A clerk called out my name and held the door open for me to go inside. I swallowed hard, stood up, and entered the dark, foreboding chamber. I could barely make out the five guys sitting behind a table on the far side of the room. It reminded me of a TV show where the testifying mob witness is shrouded in shadows and his voice disguised, so he can’t be identified and later whacked.

A deep, gravelly voice rang out, “Eli J. Jones?”

“Yes, sir?”

He instructed me to stand behind a yellow line painted on the floor about 12 feet away from the board. “What additional testimony or evidence do you wish to present concerning your 1A status…you whiner.”

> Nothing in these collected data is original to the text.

text \<open>The rate \<open>t\<close> minimises \<open>- t * s + 144 * p * \<theta> * \<alpha> * t\<^sup>2\<close>, the Chernoff exponent with
  \<open>s = 5 * T / 6\<close> and the variance proxy bounded via \<open>\<Sum>i. (v i - w i)\<^sup>2 \<le> 4 * \<alpha>\<close>; its value is
  \<open>- t * s / 2 \<le> - 25 / 20736 * C * c0\<^sup>2 * L / \<alpha>\<close>, which explains the threshold \<open>C \<ge> 10000 / c0\<^sup>2\<close>.\<close>
lemma chernoff_rate_bounds:
  fixes c0 C n p \<theta> \<alpha> L :: real
  assumes c0: "0 < c0" and C: "10000 / c0\<^sup>2 \<le> C" and L: "c0 + 1 \<le> L"
    and \<theta>: "1 / n \<le> \<theta>" and p: "C * n * L ^ 3 \<le> p"
    and \<alpha>: "0 < \<alpha>" "2 \<le> n * \<alpha>" and T: "T = c0 * p * sqrt (\<theta> / n) / L"
  defines "t \<equiv> 5 / 6 * T / (288 * p * \<theta> * \<alpha>)"
  shows "0 < t" "4 * t * \<alpha> \<le> 1" "24 * \<theta> * t\<^sup>2 * \<alpha> \<le> 1"
    "- t * (5 / 6 * T) + p * (36 * t\<^sup>2 * \<theta> * (4 * \<alpha>)) \<le> - (10 * L / \<alpha>)"
proof -
  define s where "s = 5 / 6 * T"
  have t_s: "t = s / (288 * p * \<theta> * \<alpha>)"
    by (simp add: t_def s_def)
  have n: "0 < n"
    using \<alpha> by (smt (verit) mult_nonpos_nonneg)
  have Lpos: "0 < L" and c0L: "c0 / L \<le> 1"
    using L c0 by auto
  have \<theta>pos: "0 < \<theta>"
    using \<theta> n by (smt (verit) divide_pos_pos)
  have Cc0: "10000 \<le> C * c0\<^sup>2"
    using C c0 by (simp add: field_simps)
  have "0 < 10000 / c0\<^sup>2"
    using c0 by simp
  then have "0 < C"
    using C by linarith
  then have "0 < C * n * L ^ 3"
    using n Lpos by simp
  then have ppos: "0 < p"
    using p by linarith
  define r where "r = sqrt (\<theta> / n)"
  have r: "0 < r" "r\<^sup>2 = \<theta> / n"
    using \<theta>pos n by (auto simp: r_def)
  have "r\<^sup>2 \<le> \<theta>\<^sup>2"
    using \<theta> \<theta>pos r(2) by (simp add: power2_eq_square divide_inverse mult_left_mono)
  then have r\<theta>: "r / \<theta> \<le> 1"
    using r \<theta>pos power2_le_imp_le[of r \<theta>] by simp
  have s_pos: "0 < s"
    unfolding s_def T using c0 ppos r Lpos by (simp add: r_def)
  then show "0 < t"
    unfolding t_s using ppos \<theta>pos \<alpha> by simp
  have "4 * t * \<alpha> = 5 / 432 * (c0 / L) * (r / \<theta>)"
    unfolding t_s s_def T r_def[symmetric] using ppos \<theta>pos \<alpha> Lpos by (simp add: field_simps)
  also have "\<dots> \<le> 5 / 432 * 1 * 1"
    using c0 Lpos r \<theta>pos c0L r\<theta> by (intro mult_mono) auto
  finally show "4 * t * \<alpha> \<le> 1"
    by simp
  have "24 * \<theta> * t\<^sup>2 * \<alpha> = 25 / 124416 * (c0 / L)\<^sup>2 * (1 / (n * \<alpha>))"
    unfolding t_s s_def T r_def[symmetric] using ppos \<theta>pos \<alpha> Lpos n r
    by (simp add: field_simps power2_eq_square)
  also have "\<dots> \<le> 25 / 124416 * 1 * 1"
    using c0 Lpos c0L \<alpha> n by (intro mult_mono power_le_one) auto
  finally show "24 * \<theta> * t\<^sup>2 * \<alpha> \<le> 1"
    by simp
  have "10000 * (n * L ^ 3) \<le> C * c0\<^sup>2 * (n * L ^ 3)"
    using Cc0 n Lpos by (intro mult_right_mono) auto
  also have "\<dots> = c0\<^sup>2 * (C * n * L ^ 3)"
    by (simp add: algebra_simps)
  also have "\<dots> \<le> c0\<^sup>2 * p"
    using p by (intro mult_left_mono) auto
  finally have c0p: "10000 * (n * L ^ 3) \<le> c0\<^sup>2 * p" .
  have "20 * L / \<alpha> \<le> 25 / 10368 * (10000 * (n * L ^ 3)) / (n * L\<^sup>2 * \<alpha>)"
    using n Lpos \<alpha> by (simp add: field_simps power2_eq_square power3_eq_cube)
  also have "\<dots> \<le> 25 / 10368 * (c0\<^sup>2 * p) / (n * L\<^sup>2 * \<alpha>)"
    using c0p n Lpos \<alpha> by (intro divide_right_mono mult_left_mono) auto
  also have "\<dots> = t * s"
    unfolding t_s s_def T r_def[symmetric] using ppos \<theta>pos \<alpha> Lpos n r
    by (simp add: field_simps power2_eq_square)
  finally have "20 * L / \<alpha> \<le> t * s" .
  moreover have "p * (36 * t\<^sup>2 * \<theta> * (4 * \<alpha>)) = t * s / 2"
    unfolding t_s using ppos \<theta>pos \<alpha> by (simp add: field_simps power2_eq_square)
  ultimately show "- t * (5 / 6 * T) + p * (36 * t\<^sup>2 * \<theta> * (4 * \<alpha>)) \<le> - (10 * L / \<alpha>)"
    by (simp add: s_def)
qed
lemma XT_l1_increment_tail_bound:
  fixes c0 C \<theta> \<alpha> T :: real and n p l :: nat and v w :: "nat \<Rightarrow> real"
  assumes c0: "0 < c0" and C: "10000 / c0\<^sup>2 \<le> C" and L: "c0 + 1 \<le> ln (real n)"
    and \<theta>: "1 / real n \<le> \<theta>" "\<theta> \<le> 1"
    and \<alpha>: "\<alpha> = 2 ^ l * (2 / real n)" "\<alpha> \<le> 1"
    and v: "(\<Sum>i<n. \<bar>v i\<bar>) \<le> 1" and w: "(\<Sum>i<n. \<bar>w i\<bar>) \<le> 1"
    and vw: "\<forall>i<n. \<bar>v i - w i\<bar> \<le> 2 * \<alpha>"
    and p: "p = nat \<lceil>C * real n * ln (real n) ^ 3\<rceil>"
    and T: "T = c0 * real p * sqrt (\<theta> / real n) / ln (real n)"
    and mu: "\<bar>mu n p \<theta> v - mu n p \<theta> w\<bar> \<le> T / 6"
  shows "measure_pmf.prob (matrix_pmf n p \<theta>) {X. T \<le> \<bar>XT_l1 n p X v - XT_l1 n p X w\<bar>}
         \<le> exp (- 5 * (1 / \<alpha>) * ln (real n))"
proof -
  define L where "L = ln (real n)"
  define K where "K = (\<Sum>i<n. (v i - w i)\<^sup>2)"
  define t where "t = 5 / 6 * T / (288 * real p * \<theta> * \<alpha>)"
  have "2 \<le> n"
  proof (rule ccontr)
    assume "\<not> 2 \<le> n"
    then have "n = 0 \<or> n = 1"
      by linarith
    then show False
      using L c0 by auto
  qed
  then have "0 < \<alpha>" "real n * \<alpha> = 2 * 2 ^ l"
    using \<alpha>(1) by auto
  moreover have "(1::real) \<le> 2 ^ l"
    by simp
  ultimately have \<alpha>_pos: "0 < \<alpha>" and n\<alpha>: "2 \<le> real n * \<alpha>"
    by linarith+
  have \<theta>_pos: "0 \<le> \<theta>"
    using \<theta>(1) by (simp add: order_trans[OF _ \<theta>(1)])
  have p_lower: "C * real n * L ^ 3 \<le> real p"
    unfolding p L_def by linarith
  note rate = chernoff_rate_bounds[OF c0 C L[folded L_def] \<theta>(1) p_lower \<alpha>_pos n\<alpha> T[folded L_def],
      folded t_def]
  have K: "K \<le> 4 * \<alpha>"
    using sum_sq_diff_le[OF v w, of "2 * \<alpha>"] vw \<alpha>_pos by (simp add: K_def)
  have "\<forall>i<n. 2 * t * \<bar>v i - w i\<bar> \<le> 1"
    using vw rate(1,2) by (auto intro: order_trans[OF mult_left_mono[of _ "2 * \<alpha>"]])
  moreover have "6 * \<theta> * t\<^sup>2 * K \<le> 1"
  proof -
    have "6 * \<theta> * t\<^sup>2 * K \<le> 6 * \<theta> * t\<^sup>2 * (4 * \<alpha>)"
      using K \<theta>_pos by (intro mult_left_mono) auto
    also have "\<dots> = 24 * \<theta> * t\<^sup>2 * \<alpha>"
      by simp
    finally show ?thesis
      using rate(3) by linarith
  qed
  moreover have "\<bar>mu n p \<theta> v - mu n p \<theta> w\<bar> + 5 / 6 * T \<le> T"
    using mu by simp
  ultimately have "measure_pmf.prob (matrix_pmf n p \<theta>) {X. T \<le> \<bar>XT_l1 n p X v - XT_l1 n p X w\<bar>}
      \<le> 2 * exp (- t * (5 / 6 * T) + real p * (36 * t\<^sup>2 * \<theta> * K))"
    by (rule XT_l1_increment_deviation[where n = n and v = v and w = w,
          OF \<theta>_pos \<theta>(2) rate(1), folded K_def])
  also have "\<dots> \<le> 2 * exp (- t * (5 / 6 * T) + real p * (36 * t\<^sup>2 * \<theta> * (4 * \<alpha>)))"
    using K \<theta>_pos by (intro mult_left_mono exp_mono add_left_mono) auto
  also have "\<dots> \<le> 2 * exp (- (10 * L / \<alpha>))"
    using rate(4) by simp
  also have "\<dots> \<le> exp (5 * L / \<alpha>) * exp (- (10 * L / \<alpha>))"
  proof -
    have "ln 2 \<le> 5 * L"
      using ln_2_less_1 L c0 by (simp add: L_def)
    also have "\<dots> \<le> 5 * L / \<alpha>"
      using L c0 \<alpha>_pos \<alpha>(2) by (simp add: L_def le_divide_eq mult_left_le_one_le)
    finally have "2 \<le> exp (5 * L / \<alpha>)"
      by (metis exp_ln exp_le_cancel_iff zero_less_numeral)
    then show ?thesis
      by (intro mult_right_mono) auto
  qed
  also have "\<dots> = exp (- 5 * (1 / \<alpha>) * ln (real n))"
    by (simp add: L_def flip: exp_add)
  finally show ?thesis .
qed
(* Let $m\geq 1$ be an integer. For all integers $n\geq 1$ and all real $x\in(0,\pi)$, $$\sum_{\substack{k=0\\ k \text{ even}}}^n \binom{n-k+m}{m}\cos\bigl((k+1/2)x\bigr)>0 \qquad\text{and}\qquad \sum_{\substack{k=0\\ k \text{ even}}}^n \binom{n-k+m}{m}\sin\bigl((k+1/2)x\bigr)>0.$$ In both cases the lower bound $0$ is sharp. *)

theory Defs
  imports Complex_Main
begin

definition cos_even_sum :: "nat \<Rightarrow> nat \<Rightarrow> real \<Rightarrow> real" where
  "cos_even_sum m n x = (\<Sum>k\<in>{k. k \<le> n \<and> even k}. real ((n - k + m) choose m) * cos ((real k + 1/2) * x))"

definition sin_even_sum :: "nat \<Rightarrow> nat \<Rightarrow> real \<Rightarrow> real" where
  "sin_even_sum m n x = (\<Sum>k\<in>{k. k \<le> n \<and> even k}. real ((n - k + m) choose m) * sin ((real k + 1/2) * x))"

end

theory Submission
  imports Defs
begin

text \<open>
  Write \<open>E\<^sub>m(n)\<close> for the sum with weights \<open>(n - k + m choose m)\<close> over even \<open>k \<le> n\<close>.
  Pascal's rule gives \<open>E\<^sub>m\<^sub>+\<^sub>1(n) = \<Sum>l\<le>n. E\<^sub>m(l)\<close>, so positivity propagates from
  \<open>m = 1\<close> to all \<open>m \<ge> 1\<close>. For \<open>m = 0\<close> and \<open>x = 2y\<close> the cosine sum telescopes:
  \<open>sin (2y) E\<^sub>0(l) = cos ((2J+1)y) sin ((2J+2)y)\<close> with \<open>J = l div 2\<close>. Splitting this product
  as \<open>cos y sin ((4J+2)y) / 2 + sin y cos\<^sup>2 ((2J+1)y)\<close>, the first parts have Fejer-type
  partial sums \<open>\<Sum>J<M. sin ((4J+2)y) = sin\<^sup>2 (2My) / sin (2y) \<ge> 0\<close> and the second parts are
  positive, whence \<open>E\<^sub>1(n) > 0\<close>.
  The sine sum is the cosine sum at \<open>\<pi> - x\<close>. Sharpness: for \<open>n = 1\<close> the sine sum is
  \<open>(m + 1) sin (x/2)\<close>, which tends to \<open>0\<close> as \<open>x \<rightarrow> 0\<close>.
\<close>

definition even_binom_sum :: "nat \<Rightarrow> nat \<Rightarrow> (nat \<Rightarrow> real) \<Rightarrow> real" where
  "even_binom_sum m n g = (\<Sum>k\<le>n. if even k then real ((n - k + m) choose m) * g k else 0)"

lemma sum_even_atMost_eq_sum_if:
  "(\<Sum>k\<in>{k. k \<le> (n::nat) \<and> even k}. f k) = (\<Sum>k\<le>n. if even k then f k else (0::'a::comm_monoid_add))"
proof -
  have "{k. k \<le> n \<and> even k} = {k\<in>{..n}. even k}" by auto
  then show ?thesis by (simp add: sum.inter_filter[symmetric])
qed

lemma cos_even_sum_eq: "cos_even_sum m n x = even_binom_sum m n (\<lambda>k. cos ((real k + 1/2) * x))"
  unfolding cos_even_sum_def even_binom_sum_def sum_even_atMost_eq_sum_if ..

lemma sum_if_even_atMost_eq_sum_double:
  "(\<Sum>k\<le>(l::nat). if even k then f k else (0::'a::comm_monoid_add)) = (\<Sum>j\<le>l div 2. f (2 * j))"
proof -
  have "(*) 2 ` {..l div 2} = {k. k \<le> l \<and> even k}" by (auto elim!: evenE)
  moreover have "sum f ((*) 2 ` {..l div 2}) = (\<Sum>j\<le>l div 2. f (2 * j))"
    by (simp add: sum.reindex inj_on_def)
  ultimately show ?thesis by (simp add: sum_even_atMost_eq_sum_if)
qed

lemma even_binom_sum_0_left: "even_binom_sum 0 l g = (\<Sum>j\<le>l div 2. g (2 * j))"
  unfolding even_binom_sum_def by (simp add: sum_if_even_atMost_eq_sum_double)

lemma even_binom_sum_0_right [simp]: "even_binom_sum m 0 g = g 0"
  by (simp add: even_binom_sum_def)

lemma even_binom_sum_Suc_Suc:
  "even_binom_sum (Suc m) (Suc n) g = even_binom_sum m (Suc n) g + even_binom_sum (Suc m) n g"
proof -
  have pascal: "real ((Suc n - k + Suc m) choose Suc m)
      = real ((Suc n - k + m) choose m) + real ((n - k + Suc m) choose Suc m)" if "k \<le> n" for k
  proof -
    obtain a where "n = k + a" using \<open>k \<le> n\<close> le_Suc_ex by blast
    then show ?thesis by simp
  qed
  have "(\<Sum>k\<le>n. if even k then real ((Suc n - k + Suc m) choose Suc m) * g k else 0)
      = (\<Sum>k\<le>n. if even k then real ((Suc n - k + m) choose m) * g k else 0)
        + (\<Sum>k\<le>n. if even k then real ((n - k + Suc m) choose Suc m) * g k else 0)"
    unfolding sum.distrib[symmetric]
    by (rule sum.cong) (simp_all only: atMost_iff pascal distrib_right if_distrib, simp)
  then show ?thesis by (simp add: even_binom_sum_def)
qed

lemma even_binom_sum_Suc_left: "even_binom_sum (Suc m) n g = (\<Sum>l\<le>n. even_binom_sum m l g)"
  by (induction n) (simp_all add: even_binom_sum_Suc_Suc)

lemma even_binom_sum_Suc_left_pos:
  assumes "\<And>l. 0 < even_binom_sum m l g"
  shows "0 < even_binom_sum (Suc m) n g"
  unfolding even_binom_sum_Suc_left using assms assms[of 0]
  by (intro sum_pos2[where i = 0]) (auto intro: less_imp_le)

lemma cos_sin_step_identity:
  fixes a y :: real
  shows "cos (a - y) * sin a + sin (2 * y) * cos (2 * a + y) = cos (a + y) * sin (a + 2 * y)"
proof -
  have "sin a ^ 2 + cos a ^ 2 = 1" "sin y ^ 2 + cos y ^ 2 = 1" by simp_all
  then show ?thesis unfolding sin_add cos_add sin_diff cos_diff sin_double cos_double by algebra
qed

lemma sin_double_mult_sum_cos:
  fixes y :: real
  shows "sin (2 * y) * (\<Sum>j\<le>J. cos ((4 * real j + 1) * y))
    = cos ((2 * real J + 1) * y) * sin ((2 * real J + 2) * y)"
proof (induction J)
  case (Suc J)
  define a where "a = (2 * real J + 2) * y"
  have "sin (2 * y) * (\<Sum>j\<le>Suc J. cos ((4 * real j + 1) * y))
      = cos (a - y) * sin a + sin (2 * y) * cos (2 * a + y)"
  proof -
    have "(2 * real J + 1) * y = a - y" "(2 * real J + 2) * y = a"
      "(4 * real (Suc J) + 1) * y = 2 * a + y"
      by (simp_all add: a_def algebra_simps)
    then show ?thesis by (simp only: sum.atMost_Suc distrib_left Suc.IH)
  qed
  also have "\<dots> = cos (a + y) * sin (a + 2 * y)" by (rule cos_sin_step_identity)
  finally show ?case by (simp add: a_def algebra_simps)
qed (simp add: mult.commute)

lemma sin_double_mult_sum_sin:
  fixes y :: real
  shows "sin (2 * y) * (\<Sum>j<M. sin ((4 * real j + 2) * y)) = sin (2 * real M * y) ^ 2"
proof (induction M)
  case (Suc M)
  define a where "a = (2 * real M + 1) * y"
  have "sin (2 * y) * sin (2 * a) = sin (a + y) ^ 2 - sin (a - y) ^ 2"
    unfolding sin_add cos_add sin_diff cos_diff sin_double by algebra
  moreover have "2 * a = (4 * real M + 2) * y" "a + y = 2 * real (Suc M) * y" "a - y = 2 * real M * y"
    by (simp_all add: a_def algebra_simps)
  ultimately show ?case using Suc.IH by (simp add: distrib_left)
qed simp

lemma sum_sin_nonneg:
  fixes y :: real
  assumes "0 < y" "y < pi / 2"
  shows "0 \<le> (\<Sum>j<M. sin ((4 * real j + 2) * y))"
proof -
  have "0 < sin (2 * y)" using assms by (intro sin_gt_zero) auto
  moreover have "0 \<le> sin (2 * y) * (\<Sum>j<M. sin ((4 * real j + 2) * y))"
    unfolding sin_double_mult_sum_sin by simp
  ultimately show ?thesis by (simp add: zero_le_mult_iff)
qed

lemma sum_cos_mult_sin_pos:
  fixes y :: real
  assumes "0 < y" "y < pi / 2" "0 < M"
  shows "0 < (\<Sum>j<M. cos ((2 * real j + 1) * y) * sin ((2 * real j + 2) * y))"
proof -
  have product_to_sum: "cos ((2 * real j + 1) * y) * sin ((2 * real j + 2) * y)
      = cos y / 2 * sin ((4 * real j + 2) * y) + sin y * cos ((2 * real j + 1) * y) ^ 2" for j
  proof -
    have "cos ((2 * real j + 1) * y) * sin ((2 * real j + 1) * y + y)
        = cos y / 2 * sin (2 * ((2 * real j + 1) * y)) + sin y * cos ((2 * real j + 1) * y) ^ 2"
      unfolding sin_add sin_double by algebra
    then show ?thesis by (simp add: algebra_simps)
  qed
  have "0 \<le> cos y / 2 * (\<Sum>j<M. sin ((4 * real j + 2) * y))"
    using assms sum_sin_nonneg by (intro mult_nonneg_nonneg) (auto intro: cos_ge_zero)
  moreover have "0 < (\<Sum>j<M. sin y * cos ((2 * real j + 1) * y) ^ 2)"
  proof (rule sum_pos2[where i = 0])
    have "0 < sin y" "0 < cos y" using assms by (auto intro: sin_gt_zero cos_gt_zero)
    then show "0 < sin y * cos ((2 * real 0 + 1) * y) ^ 2"
      "\<And>j. j \<in> {..<M} \<Longrightarrow> 0 \<le> sin y * cos ((2 * real j + 1) * y) ^ 2"
      by simp_all
  qed (use assms in simp_all)
  ultimately show ?thesis by (simp add: product_to_sum sum.distrib sum_distrib_left)
qed

lemma sum_atMost_div2:
  "(\<Sum>l\<le>(n::nat). f (l div 2)) = (\<Sum>j<n div 2 + 1. f j) + (\<Sum>j<(n + 1) div 2. (f j :: 'a::comm_monoid_add))"
proof (induction n)
  case (Suc n)
  show ?case
  proof (cases "even n")
    case True
    then have "Suc n div 2 = n div 2" "(Suc n + 1) div 2 = Suc (n div 2)" "(n + 1) div 2 = n div 2"
      by presburger+
    then show ?thesis using Suc.IH by (simp add: add_ac)
  next
    case False
    then have "Suc n div 2 = Suc (n div 2)" "(Suc n + 1) div 2 = Suc (n div 2)" "(n + 1) div 2 = Suc (n div 2)"
      by presburger+
    then show ?thesis using Suc.IH by (simp add: add_ac)
  qed
qed simp

lemma even_binom_sum_one_cos_pos:
  assumes "0 < x" "x < pi"
  shows "0 < even_binom_sum 1 n (\<lambda>k. cos ((real k + 1/2) * x))"
proof -
  define y where "y = x / 2"
  have y: "0 < y" "y < pi / 2" using assms by (simp_all add: y_def)
  define h where "h j = cos ((2 * real j + 1) * y) * sin ((2 * real j + 2) * y)" for j
  have "sin (2 * y) * even_binom_sum 0 l (\<lambda>k. cos ((real k + 1/2) * x)) = h (l div 2)" for l
  proof -
    have "cos ((real (2 * j) + 1/2) * x) = cos ((4 * real j + 1) * y)" for j
      by (simp add: y_def algebra_simps)
    then show ?thesis by (simp add: even_binom_sum_0_left sin_double_mult_sum_cos h_def)
  qed
  then have "sin (2 * y) * even_binom_sum 1 n (\<lambda>k. cos ((real k + 1/2) * x))
      = (\<Sum>j<n div 2 + 1. h j) + (\<Sum>j<(n + 1) div 2. h j)"
    by (simp add: even_binom_sum_Suc_left[where m = 0, simplified] sum_distrib_left sum_atMost_div2)
  moreover have "0 < (\<Sum>j<n div 2 + 1. h j)"
    unfolding h_def using y by (intro sum_cos_mult_sin_pos) simp_all
  moreover have "0 \<le> (\<Sum>j<(n + 1) div 2. h j)"
    unfolding h_def using y sum_cos_mult_sin_pos[of y "(n + 1) div 2"] by (cases "(n + 1) div 2") auto
  moreover have "0 < sin (2 * y)" using y by (intro sin_gt_zero) simp_all
  ultimately show ?thesis by (metis add_pos_nonneg zero_less_mult_pos)
qed

lemma cos_even_sum_pos:
  assumes "1 \<le> m" "0 < x" "x < pi"
  shows "0 < cos_even_sum m n x"
proof -
  obtain j where "m = Suc j" using assms(1) by (cases m) auto
  moreover have "0 < even_binom_sum (Suc j) n (\<lambda>k. cos ((real k + 1/2) * x))" for n
    by (induction j arbitrary: n)
      (simp_all add: even_binom_sum_one_cos_pos[unfolded One_nat_def] assms even_binom_sum_Suc_left_pos)
  ultimately show ?thesis by (simp add: cos_even_sum_eq)
qed

lemma sin_even_sum_eq_cos_even_sum_reflect: "sin_even_sum m n x = cos_even_sum m n (pi - x)"
  unfolding sin_even_sum_def cos_even_sum_def
proof (rule sum.cong)
  fix k assume "k \<in> {k. k \<le> n \<and> even k}"
  then obtain j where k: "k = 2 * j" by auto
  have "(real k + 1/2) * (pi - x) = 2 * real j * pi + (pi / 2 - (real k + 1/2) * x)"
    unfolding k by (simp add: field_simps)
  then have "cos ((real k + 1/2) * (pi - x)) = sin ((real k + 1/2) * x)"
    by (simp add: cos_add cos_diff)
  then show "real ((n - k + m) choose m) * sin ((real k + 1/2) * x) =
        real ((n - k + m) choose m) * cos ((real k + 1/2) * (pi - x))" by simp
qed simp

lemma sin_even_sum_one: "sin_even_sum m 1 x = real (m + 1) * sin (x / 2)"
proof -
  have "{k. k \<le> (1::nat) \<and> even k} = {0}" by auto
  then show ?thesis unfolding sin_even_sum_def by simp
qed

lemma sin_even_sum_one_small:
  assumes "0 < e"
  obtains x where "0 < x" "x < pi" "sin_even_sum m 1 x < e"
proof
  define x where "x = min (pi / 2) (e / real (m + 1))"
  show "0 < x" "x < pi" using assms pi_gt_zero by (auto simp: x_def min_less_iff_disj)
  have "real (m + 1) * sin (x / 2) \<le> real (m + 1) * (x / 2)"
    using \<open>0 < x\<close> by (intro mult_left_mono sin_x_le_x) simp_all
  also have "\<dots> < real (m + 1) * x" using \<open>0 < x\<close> by simp
  also have "\<dots> \<le> e"
    using min.cobounded2[of "pi / 2" "e / real (m + 1)"] by (simp add: x_def le_divide_eq mult.commute)
  finally show "sin_even_sum m 1 x < e" unfolding sin_even_sum_one .
qed

theorem theorem3:
  fixes m :: nat
  assumes "m \<ge> 1"
  shows "(\<forall>n::nat. \<forall>x::real. n \<ge> 1 \<longrightarrow> 0 < x \<longrightarrow> x < pi \<longrightarrow>
            cos_even_sum m n x > 0 \<and> sin_even_sum m n x > 0)
       \<and> (\<forall>\<epsilon>>0. \<exists>n::nat. \<exists>x::real. n \<ge> 1 \<and> 0 < x \<and> x < pi \<and> cos_even_sum m n x < \<epsilon>)
       \<and> (\<forall>\<epsilon>>0. \<exists>n::nat. \<exists>x::real. n \<ge> 1 \<and> 0 < x \<and> x < pi \<and> sin_even_sum m n x < \<epsilon>)"
proof (intro conjI allI impI)
  fix n :: nat and x :: real
  assume "0 < x" "x < pi"
  then show "0 < cos_even_sum m n x" "0 < sin_even_sum m n x"
    using assms cos_even_sum_pos by (simp_all add: sin_even_sum_eq_cos_even_sum_reflect)
next
  fix e :: real
  assume "0 < e"
  then obtain x where x: "0 < x" "x < pi" "sin_even_sum m 1 x < e"
    by (rule sin_even_sum_one_small)
  then show "\<exists>n x. n \<ge> 1 \<and> 0 < x \<and> x < pi \<and> sin_even_sum m n x < e" by blast
  show "\<exists>n x. n \<ge> 1 \<and> 0 < x \<and> x < pi \<and> cos_even_sum m n x < e"
    using x by (intro exI[of _ 1] exI[of _ "pi - x"]) (simp add: sin_even_sum_eq_cos_even_sum_reflect)
qed

end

I could swear this guy called me a whiner, but I cleared my throat and began. “Well sir, I’ve been a full-time student at Ohio State for the past two years with a “B” average. My tuition’s paid for this fall, and I have a letter from OSU verifying my attendance.” I handed a copy to an outstretched hand. “I’m entitled to an exemption.”

“What is your major?” A friendlier voice asked.

“I’m studying radio and television production. One of my summer jobs is right here in Springfield at WBLY-FM.”

“Pussy station and pussy major,” the gravelly voice muttered again.

“Excuse me, is that a question?”

“…And you’re deaf as well.”

No one spoke for a moment, and then all at once, the five shapes started shuffling papers and muttering. There appeared to be a serious disagreement among the board members. The gravelly voice leader whispered loudly to the other members, “Our quota has been raised again. We can’t let any of this cannon fodder get away.”

“But, Willie, he has a valid educational deferment.” I heard a loud slap and watched the last speaker, along with his chair, fall over backward. The man moaned and started to sit up, but his head hit the floor with a thud when struck a second blow.

His attacker, the gravelly-voiced one they had just called Willie, addressed me, his voice dripping with venom. “Tough luck, Nancy boy, your 1A status stays. Report to the Springfield Induction Center at nine in the morning on September 25th, you’re going to be a soldier. NEXT!”

I ignored the yellow line, rushed the table and grabbed him by the throat. “You can’t draft me…you old fart.”

Willie screamed, “Get this crazy son-of-a-bitch off me!”

Two burly guards grabbed my arms and started dragging me out of the room backward while I continued to rave. “You cheated me, you bastard, and I won’t let you get away with it!”

Willie blew me a raspberry and gave me the finger. The board member next to him put his hands over his ears; another covered his eyes; the third put his hand to his mouth.

Back in the hallway, after being tossed from the chambers, I took a deep breath and tried to pull myself together. The waiting draftees stared at me, and I could see the hope quickly fade from their eyes (except for the blind guy). But, I resolved not to panic. Somehow, I would fight this injustice.